Пришел домой Девочкин, и опять голова его горела от «житейских размышлений». Он взял со стола финский нож; но неразговорчив был на этот раз металл. И когда, соскабливая с его черенка свои инициалы, Девочкин обрезал себе палец о лезвие, острое, как бритва, он взял брусок и затупил нож.

Прошел месяц. Получил Девочкин свои 15 рублей, а о прибавке старик, должно быть, забыл. Он был очень угрюм, похудел за это время, все держал руку за пазухой и, когда вставал, чтобы взять что-нибудь, то слабый стон вырывался из его груди.

Девочкин тоже еще больше похудел, лихорадочно вспыхивали его глаза. Встретила его опять Феня и захотелось ей подразнить кавалера.

— У меня скоро пролетка своя будет, — призналась она. — Видите, за шляпу заплатила двадцать рублей, за пальто семьдесят, рубашечка на мне в тридцать пять рублей. Придете на новоселье?

— Куда нам с суконным рылом! — огрызнулся он.

— Хотите, я дам вам рубль?

Он колебался, и лицо его стало так противно ей, что она захохотала и пропала в сумраке шумной улицы.

IX

Уж несколько дней, как Девочкин снова отточил нож, к которому вернулся дар слова.

— Издеваются над тобой? Прожил большую половину жизни и неужели же до конца будешь томиться? Конечно, — говорил ему нож, — под залог окраинных домишек, если умно взяться, сотни две принесет твой капитал, но разве это не капля в сравнении с тем портфелем, набитым пятисотенными рентами, который ты видел у Сторукина? Он резал купоны и из-под очков наблюдал за тобой. А сколько труда стоило тебе не выдать себя и сидеть с опущенной головой за письменным столом над дурацким каталогом поддельных Рембрандтов и Ван Дейков? И зачем капля, когда есть море! Только окунись с головой, только будь тверд, как сталь, как сталь! — повторял нож.

X

Ночью снился Девочкину портфель с волшебными рентами. А утром он выправил для себя заграничный паспорт и, когда возвращался из градоначальства, то, проходя мимо конторы нотариуса, увидел Александра Гавриловича, который был смертельно бледен, заострился нос, и как будто кончик свернулся на сторону; и он еле передвигал ноги, поддерживаемый швейцаром; по сторонам не глядел и не заметил Девочкина.

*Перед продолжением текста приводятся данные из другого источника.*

(* Let $\nu\in A_2$. Then $\mathcal W_\nu(\mathbb R^n)\subset\mathrm{BMO}_\nu(\mathbb R^n)$.
   Context: $A_2$: weights $w$ with $\sup_Q(\frac1{|Q|}\int_Qw)(\frac1{|Q|}\int_Qw^{-1})<\infty$; $w(E)=\int_Ew$. $\mathrm{BMO}_\nu(\mathbb R^n)$: $b\in L^1_{loc}$ with $\sup_B\frac1{\nu(B)}\int_B|b-\langle b\rangle_B|<\infty$ (supremum over balls, $\langle b\rangle_B$ the average). $\mathcal D$ is the standard dyadic system, $cQ$ the concentric dilate of $Q$ by $c$. $\ell^{n,\infty}$: sequences with $\sup_kk^{1/n}a_k^*<\infty$, $\{a_k^*\}$ the non-increasing rearrangement of $\{|a_k|\}$. $\mathcal W_\nu(\mathbb R^n)$: $b\in L^1_{loc}$ such that $\big\{\frac1{\nu(20\sqrt nQ)}\int_{20\sqrt nQ}|b-\langle b\rangle_{20\sqrt nQ}|\big\}_{Q\in\mathcal D}\in\ell^{n,\infty}$. *)

theory Defs
  imports "HOL-Analysis.Analysis"
begin

definition cube :: "'a::euclidean_space \<Rightarrow> real \<Rightarrow> 'a set" where
  "cube c r = {x. \<forall>i\<in>Basis. \<bar>x \<bullet> i - c \<bullet> i\<bar> \<le> r}"

definition wmeas :: "('a::euclidean_space \<Rightarrow> real) \<Rightarrow> 'a set \<Rightarrow> real" where
  "wmeas w E = (LINT x:E|lebesgue. w x)"

definition avg :: "('a::euclidean_space \<Rightarrow> real) \<Rightarrow> 'a set \<Rightarrow> real" where
  "avg f S = (LINT x:S|lebesgue. f x) / measure lebesgue S"

definition loc_int :: "('a::euclidean_space \<Rightarrow> real) \<Rightarrow> bool" where
  "loc_int f \<longleftrightarrow> (\<forall>K. compact K \<longrightarrow> set_integrable lebesgue K f)"

definition A2 :: "('a::euclidean_space \<Rightarrow> real) \<Rightarrow> bool" where
  "A2 w \<longleftrightarrow> (\<forall>x. 0 \<le> w x) \<and> (AE x in lebesgue. 0 < w x) \<and> loc_int w \<and>
     loc_int (\<lambda>x. 1 / w x) \<and>
     (\<exists>C. \<forall>c r. 0 < r \<longrightarrow> avg w (cube c r) * avg (\<lambda>x. 1 / w x) (cube c r) \<le> C)"

definition wosc :: "('a::euclidean_space \<Rightarrow> real) \<Rightarrow> ('a \<Rightarrow> real) \<Rightarrow> 'a set \<Rightarrow> real" where
  "wosc \<nu> b S = (LINT x:S|lebesgue. \<bar>b x - avg b S\<bar>) / wmeas \<nu> S"

definition BMO :: "('a::euclidean_space \<Rightarrow> real) \<Rightarrow> ('a \<Rightarrow> real) set" where
  "BMO \<nu> = {b. loc_int b \<and> (\<exists>C. \<forall>c r. 0 < r \<longrightarrow> wosc \<nu> b (ball c r) \<le> C)}"

text \<open>Standard dyadic system: the cube indexed by (j,k) is
  {x. for all basis vectors i, 2^j k_i \<le> x\<bullet>i < 2^j (k_i+1)}; k is normalised to be 0 off Basis
  so that indices correspond bijectively to cubes.\<close>
definition dyadic_index :: "(int \<times> ('a::euclidean_space \<Rightarrow> int)) set" where
  "dyadic_index = {(j, k). \<forall>i. i \<notin> Basis \<longrightarrow> k i = 0}"

definition dyadic_cube :: "int \<Rightarrow> ('a::euclidean_space \<Rightarrow> int) \<Rightarrow> 'a set" where
  "dyadic_cube j k = {x. \<forall>i\<in>Basis. 2 powr j * k i \<le> x \<bullet> i \<and> x \<bullet> i < 2 powr j * (k i + 1)}"

definition dyadic_dilate :: "real \<Rightarrow> int \<Rightarrow> ('a::euclidean_space \<Rightarrow> int) \<Rightarrow> 'a set" where
  "dyadic_dilate c j k =
     cube (\<Sum>i\<in>Basis. (2 powr j * (k i + 1/2)) *\<^sub>R i) (c * 2 powr j / 2)"

text \<open>Non-increasing rearrangement of |a| over index set I, k = 1,2,...\<close>
definition rearr_set :: "'i set \<Rightarrow> ('i \<Rightarrow> real) \<Rightarrow> nat \<Rightarrow> real set" where
  "rearr_set I a k = {t. 0 \<le> t \<and> finite {q\<in>I. \<bar>a q\<bar> > t} \<and> card {q\<in>I. \<bar>a q\<bar> > t} < k}"

definition rearr :: "'i set \<Rightarrow> ('i \<Rightarrow> real) \<Rightarrow> nat \<Rightarrow> real" where
  "rearr I a k = Inf (rearr_set I a k)"

definition weak_ell :: "nat \<Rightarrow> 'i set \<Rightarrow> ('i \<Rightarrow> real) \<Rightarrow> bool" where
  "weak_ell n I a \<longleftrightarrow> (\<forall>k\<ge>1. rearr_set I a k \<noteq> {}) \<and>
     (\<exists>C. \<forall>k\<ge>1. real k powr (1 / real n) * rearr I a k \<le> C)"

С испугом смотрел Девочкин вслед уезжающему на извозчике Сторукину; озноб пробежал у него по телу, зашевелил волосы на затылке. Девочкин чуть не упал.

Еще третьего дня говорил старик о тленности всего земного, о ненужности сокровищ на земле, о благолепии посещенной им Александро-Невской лавры. А вчера Сторукин не принял Девочкина, потому что сидели в гостях два иеромонаха, чего никогда не бывало прежде.

Потемнело в глазах Девочкина, потускнел блеск Невского, мир превратился в тяжелый сон, и он сам стал сниться себе. Машинально вошел он в ресторан, съел бутерброд и выпил для бодрости рюмку водки; долго сидел в Александровском саду. Был мартовский теплый день, но ему все было холодно; дрожали руки и губы. Положил он ногу на ноту и нервно раскачивал ступней. И вдруг ему показалось, что нож выползает из кармана; он несколько раз хватался за карман, а нож был там.

— Но бойся! — говорил он. — Ты почти опоздал, но есть несколько мгновений в твоем распоряжении; еще бьется синяя жила на шее — ломкая, хрупкая, окостеневшая от старости. И не забудь, скоро шесть, а поезд отходит в девять, в девять, в девять!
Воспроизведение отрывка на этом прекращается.